Every parallelepiped has eight vertices. A tetrahedron is defined as four non-coplanar points in 3-space. How many distinct tetrahedrons can we find among the eight vertices of a parallelepiped?
I believe I know the answer, but without an answer key I don't have much confidence, and I feel a bit queasy about my reasoning. I think the answer is 60, and here's why.
First, I calculated the number of combinations of 8 things taken 4 at a time (using the binomial coefficient) and it came out 70. But, not all those combinations will be tetrahedrons because some of them contain four coplanar points and I'm using a definition that excludes these "degenerate" tetrahedra. How many should I subtract? As I visualie a parallelepiped, I picture ten planes that would contain four vertices, including six planes that contain faces and four more that contain long diagonals. I figure each one corresponds to a combination of four vertices, so I subtract ten from 70 and come up with 60.

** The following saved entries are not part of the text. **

(* For any integer $n \geq 2$ and any integer $m \geq n$ there are $n+1$ translates $A_0, A_1, \dots, A_n$ of the set $D_n^m$ (defined below) whose interiors are pairwise disjoint, but such that $A_0$ touches every $A_i$ for $1 \leq i \leq n$ (i.e. $A_0 \cap A_i \neq \emptyset$). In particular, for every $n > 0$ there is a planar topological disk $A_0$ and $n$ translates $A_1,\dots,A_n$ of it such that $A_0,\dots,A_n$ have pairwise disjoint interiors and each $A_i$ ($1\le i\le n$) touches $A_0$.
   Context: Let $s_1, s_2, \dots$ be the sequence with $s_i = 1 + \nu_2(i)$, where $\nu_2(i)$ is the exponent of $2$ in the prime factorization of $i$ (so $s_i$ is the position, counted from the right, of the lowest $1$ bit of $i$ in binary; the sequence begins $1,2,1,3,1,2,1,4,\dots$). For $i \geq 1$ put $y_i = \sum_{j=1}^{i-1} s_j$ (so $y_1 = 0$). For integers $m \geq 2$, $n \geq 1$, define the bars $B_i = [(i-1)m,\, im] \times [y_i,\, y_i + 1]$ for $1 \leq i \leq 2^n$, and the connectors $V_i = [im-1,\, im] \times [y_i + 1,\, y_{i+1} + 1]$ for $1 \leq i \leq 2^n - 1$. Define $D_n^m = \bigcup_{i=1}^{2^n} B_i \cup \bigcup_{i=1}^{2^n-1} V_i \subset \mathbb{R}^2$; this is a topological disk (Jordan region). Two sets touch if they intersect; here the touching translates have disjoint interiors. *)

theory Defs
  imports "HOL-Analysis.Analysis" "HOL-Computational_Algebra.Primes"
begin

definition sseq :: "nat \<Rightarrow> nat" where
  "sseq i = 1 + multiplicity (2::nat) i"

definition yseq :: "nat \<Rightarrow> nat" where
  "yseq i = (\<Sum>j\<in>{1..<i}. sseq j)"

definition bar :: "nat \<Rightarrow> nat \<Rightarrow> (real \<times> real) set" where
  "bar m i = {(real i - 1) * real m .. real i * real m} \<times> {real (yseq i) .. real (yseq i) + 1}"

definition connector :: "nat \<Rightarrow> nat \<Rightarrow> (real \<times> real) set" where
  "connector m i = {real i * real m - 1 .. real i * real m} \<times> {real (yseq i) + 1 .. real (yseq (i+1)) + 1}"

definition Dnm :: "nat \<Rightarrow> nat \<Rightarrow> (real \<times> real) set" where
  "Dnm n m = (\<Union>i\<in>{1..2^n}. bar m i) \<union> (\<Union>i\<in>{1..<2^n}. connector m i)"

definition topological_disk :: "(real \<times> real) set \<Rightarrow> bool" where
  "topological_disk A \<longleftrightarrow> (cball (0::real \<times> real) 1) homeomorphic A"

end

theory Submission
  imports Defs
begin

(*
  On the unit grid, the column u of D_n^m lying in the bar B_i is a vertical run of unit squares
  at height y_i, extended up to y_{i+1} in the column of the connector V_i. Since
  y_{x+1} = x + nu_2(x!), the heights are superadditive, y_{a+1} + y_{b+1} <= y_{a+b+1}, and
  additive across dyadic blocks: y_{T+x+1} = y_{T+1} + y_{x+1} when 2^K divides T and x < 2^K.

  With n <= d <= m, the k-th translate is moved right by (2^n - 2^(k-1)) m + (d - k) and up by
  y_{2^n-2^(k-1)+1} + k. By additivity its first 2^(k-1) bars then lie one unit above the last
  2^(k-1) bars of D_n^m, so it touches D_n^m and lies strictly above it in every common column.
  For 1 <= i < j, the i-th translate lies t = 2^(j-1) - 2^(i-1) blocks and j - i columns further
  right than the j-th one, but less than y_{t+1} higher, so by superadditivity it lies strictly
  below it in every common column. Hence two translates meet only on grid lines, a set with empty
  interior.

  For the second statement D_n^m is replaced by a band inside it in which every connector becomes
  a ramp: the region between the graph of a continuous function and its unit upward translate,
  hence a disk. For d > n the band still touches its translates.
*)

lemma yseq_Suc: "0 < i \<Longrightarrow> yseq (Suc i) = yseq i + sseq i"
  unfolding yseq_def by (simp add: sum.atLeastLessThan_Suc)

lemma yseq_Suc_0 [simp]: "yseq (Suc 0) = 0"
  by (simp add: yseq_def)

lemma mono_yseq: "mono yseq"
  unfolding mono_def yseq_def by (auto intro!: sum_mono2)

lemma yseq_Suc_eq_multiplicity_fact: "yseq (Suc x) = x + multiplicity (2::nat) (fact x)"
proof (induction x)
  case 0
  then show ?case by simp
next
  case (Suc x)
  have "multiplicity (2::nat) (fact (Suc x)) = multiplicity 2 (Suc x) + multiplicity 2 (fact x :: nat)"
    unfolding fact_Suc of_nat_id by (rule prime_elem_multiplicity_mult_distrib) auto
  then show ?case
    using Suc yseq_Suc[of "Suc x"] by (simp add: sseq_def)
qed

lemma yseq_superadditive: "yseq (Suc a) + yseq (Suc b) \<le> yseq (Suc (a + b))"
proof -
  have "fact (a + b) = fact a * fact b * ((a + b) choose a :: nat)"
    using binomial_fact_lemma[of a "a + b"] by simp
  then have "multiplicity (2::nat) (fact (a + b))
      = multiplicity 2 (fact a :: nat) + multiplicity 2 (fact b :: nat) + multiplicity 2 ((a + b) choose a)"
    by (simp add: prime_elem_multiplicity_mult_distrib)
  then show ?thesis
    unfolding yseq_Suc_eq_multiplicity_fact by simp
qed

lemma multiplicity_less_if_less_power:
  fixes p r :: nat
  assumes "1 < p" "0 < r" "r < p ^ K"
  shows "multiplicity p r < K"
proof -
  have "p ^ multiplicity p r \<le> r"
    using assms by (simp add: dvd_imp_le multiplicity_dvd)
  then show ?thesis
    using assms by (metis le_less_trans power_less_imp_less_exp)
qed

lemma sseq_le: "0 < r \<Longrightarrow> r < 2 ^ K \<Longrightarrow> sseq r \<le> K"
  using multiplicity_less_if_less_power[of 2 r K] by (simp add: sseq_def)

lemma sseq_power_two: "sseq (2 ^ K) = Suc K"
  by (simp add: sseq_def)

lemma multiplicity_add_multiple:
  fixes p T x :: nat
  assumes "prime p" "p ^ K dvd T" "0 < x" "x < p ^ K"
  shows "multiplicity p (T + x) = multiplicity p x"
proof (cases "T = 0")
  case False
  have "multiplicity p x < K"
    using assms prime_gt_1_nat by (intro multiplicity_less_if_less_power) auto
  also have "K \<le> multiplicity p T"
    using assms False prime_gt_1_nat by (intro multiplicity_geI) auto
  finally show ?thesis
    using multiplicity_sum_lt[of p x T] assms False by (simp add: add.commute)
qed simp

lemma yseq_shift:
  assumes "2 ^ K dvd T" "x < 2 ^ K"
  shows "yseq (T + x + 1) = yseq (T + 1) + yseq (x + 1)"
  using assms(2)
proof (induction x)
  case (Suc x)
  have "sseq (T + Suc x) = sseq (Suc x)"
    using multiplicity_add_multiple[of 2 K T "Suc x"] assms(1) Suc.prems by (simp add: sseq_def)
  then show ?case
    using Suc yseq_Suc[of "T + Suc x"] yseq_Suc[of "Suc x"] by simp
qed simp

lemma yseq_Suc_le:
  assumes "x \<le> r" "x < 2 ^ K"
  shows "yseq (Suc x) \<le> yseq r + K"
proof (cases "x < r")
  case True
  then show ?thesis
    using monoD[OF mono_yseq, of "Suc x" r] by simp
next
  case False
  then show ?thesis
    using assms yseq_Suc[of x] sseq_le[of x K] by (cases "x = 0") auto
qed

(* (u, v) is the lower-left corner of a unit square of D_n^m. *)
definition grid_cell :: "nat \<Rightarrow> nat \<Rightarrow> int \<Rightarrow> int \<Rightarrow> bool" where
  "grid_cell n m u v \<longleftrightarrow> (\<exists>i\<in>{1..2^n}. int ((i - 1) * m) \<le> u \<and> u < int (i * m) \<and>
     int (yseq i) \<le> v \<and> v \<le> int (if u = int (i * m) - 1 \<and> i < 2^n then yseq (i + 1) else yseq i))"

lemma grid_cellE:
  assumes "grid_cell n m u v"
  obtains i where "1 \<le> i" "i \<le> 2^n" "int ((i - 1) * m) \<le> u" "u < int (i * m)"
    "int (yseq i) \<le> v" "v \<le> int (yseq (i + 1))"
    "u \<noteq> int (i * m) - 1 \<or> i = 2^n \<Longrightarrow> v \<le> int (yseq i)"
proof -
  obtain i where i: "i \<in> {1..2^n}" "int ((i - 1) * m) \<le> u" "u < int (i * m)" "int (yseq i) \<le> v"
    "v \<le> int (if u = int (i * m) - 1 \<and> i < 2^n then yseq (i + 1) else yseq i)"
    using assms unfolding grid_cell_def by blast
  have "yseq i \<le> yseq (i + 1)"
    using mono_yseq by (simp add: monoD)
  with i show ?thesis
    by (intro that[of i]) (auto split: if_splits)
qed

lemma floor_between:
  fixes x :: "'a :: floor_ceiling"
  assumes "of_int a \<le> x" "x \<le> of_int b" "x \<notin> \<int>"
  shows "a \<le> \<lfloor>x\<rfloor> \<and> \<lfloor>x\<rfloor> < b"
proof -
  have "x < of_int b"
    using assms(2,3) by (metis Ints_of_int order_le_less)
  then show ?thesis
    using assms(1) by (simp add: le_floor_iff floor_less_iff)
qed

lemma floor_diff_of_nat: "\<lfloor>x - of_nat k\<rfloor> = \<lfloor>x\<rfloor> - int k"
  by (metis floor_diff_of_int of_int_of_nat_eq)

lemma grid_cell_floor:
  assumes "(x, y) \<in> Dnm n m" "x \<notin> \<int>" "y \<notin> \<int>" "0 < m"
  shows "grid_cell n m \<lfloor>x\<rfloor> \<lfloor>y\<rfloor>"
  using assms(1) unfolding Dnm_def
proof (elim UnE UN_E)
  fix i assume i: "i \<in> {1..2^n}" "(x, y) \<in> bar m i"
  then have "int ((i - 1) * m) \<le> \<lfloor>x\<rfloor> \<and> \<lfloor>x\<rfloor> < int (i * m)"
    using assms(2) by (intro floor_between) (auto simp: bar_def of_nat_diff)
  moreover have "int (yseq i) \<le> \<lfloor>y\<rfloor> \<and> \<lfloor>y\<rfloor> < int (yseq i) + 1"
    using i assms(3) by (intro floor_between) (auto simp: bar_def)
  moreover have "yseq i \<le> yseq (i + 1)"
    using mono_yseq by (simp add: monoD)
  ultimately show ?thesis
    unfolding grid_cell_def using i(1) by (intro bexI[of _ i]) auto
next
  fix i assume i: "i \<in> {1..<2^n}" "(x, y) \<in> connector m i"
  then have "int (i * m) - 1 \<le> \<lfloor>x\<rfloor> \<and> \<lfloor>x\<rfloor> < int (i * m)"
    using assms(2) by (intro floor_between) (auto simp: connector_def)
  moreover have "int (yseq i) + 1 \<le> \<lfloor>y\<rfloor> \<and> \<lfloor>y\<rfloor> < int (yseq (i + 1)) + 1"
    using i assms(3) by (intro floor_between) (auto simp: connector_def)
  moreover have "int ((i - 1) * m) \<le> int (i * m) - 1"
    using i assms(4) by (simp add: of_nat_diff algebra_simps)
  ultimately show ?thesis
    unfolding grid_cell_def using i(1) by (intro bexI[of _ i]) auto
qed

lemma block_of_shifted_column:
  assumes "int ((q - 1) * m) \<le> u" "u < int (q * m)"
    and "int ((r - 1) * m) \<le> u - int (t * m + c)" "u - int (t * m + c) < int (r * m)"
    and "c < m" "0 < q" "0 < r"
  shows "q = r + t \<or> q = r + t + 1"
proof -
  have "(r - 1) * m + t * m < q * m" "(q - 1) * m < r * m + t * m + m"
    using assms(1-5) by linarith+
  then have "(r - 1 + t) * m < q * m" "(q - 1) * m < (r + t + 1) * m"
    by (simp_all add: add_mult_distrib)
  then show ?thesis
    using assms(6,7) by (simp only: mult_less_cancel2) linarith
qed

lemma grid_cell_low_shift_disjoint:
  assumes "grid_cell n m u v" "grid_cell n m (u - int (t * m + c)) (v - \<beta>)"
    and "0 < c" "c < m" "\<beta> < int (yseq (t + 1))"
  shows False
proof -
  obtain q where q: "1 \<le> q" "int ((q - 1) * m) \<le> u" "u < int (q * m)" "int (yseq q) \<le> v"
    using assms(1) by (elim grid_cellE)
  obtain r where r: "1 \<le> r" "int ((r - 1) * m) \<le> u - int (t * m + c)" "u - int (t * m + c) < int (r * m)"
    "v - \<beta> \<le> int (yseq (r + 1))" "u - int (t * m + c) \<noteq> int (r * m) - 1 \<Longrightarrow> v - \<beta> \<le> int (yseq r)"
    using assms(2) by (elim grid_cellE) blast
  have "q = r + t \<or> q = r + t + 1"
    using q r assms(4) by (intro block_of_shifted_column) auto
  then obtain p where p: "1 \<le> p" "q = p + t" "v - \<beta> \<le> int (yseq p)"
  proof
    assume "q = r + t"
    then have "u - int (t * m + c) \<noteq> int (r * m) - 1"
      using q(3) assms(3) by (auto simp: algebra_simps)
    then show ?thesis
      using r \<open>q = r + t\<close> by (intro that[of r]) auto
  qed (use r in auto)
  have "yseq p + yseq (t + 1) \<le> yseq q"
    using yseq_superadditive[of "p - 1" t] p by simp
  then show False
    using p(3) q(4) assms(5) by linarith
qed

I'm troubled that this isn't a purely combinatoric answer. Also, when I try to build up that 60 from parts, I can't work it out. I feel I must be doing something wrong.
A little background. I'm working through Norman Wildberger's WildLinAlg videos, which covers a range of topics similar to what you'd expect in a first-semester linear algebra class, though its approach is unusual. I'm doing this on my own. So far as I know, these videos are not part of any instructional program anywhere. This question is an exercise Dr. Wildberger gives at the end of Lecture 9, "3D Geometry."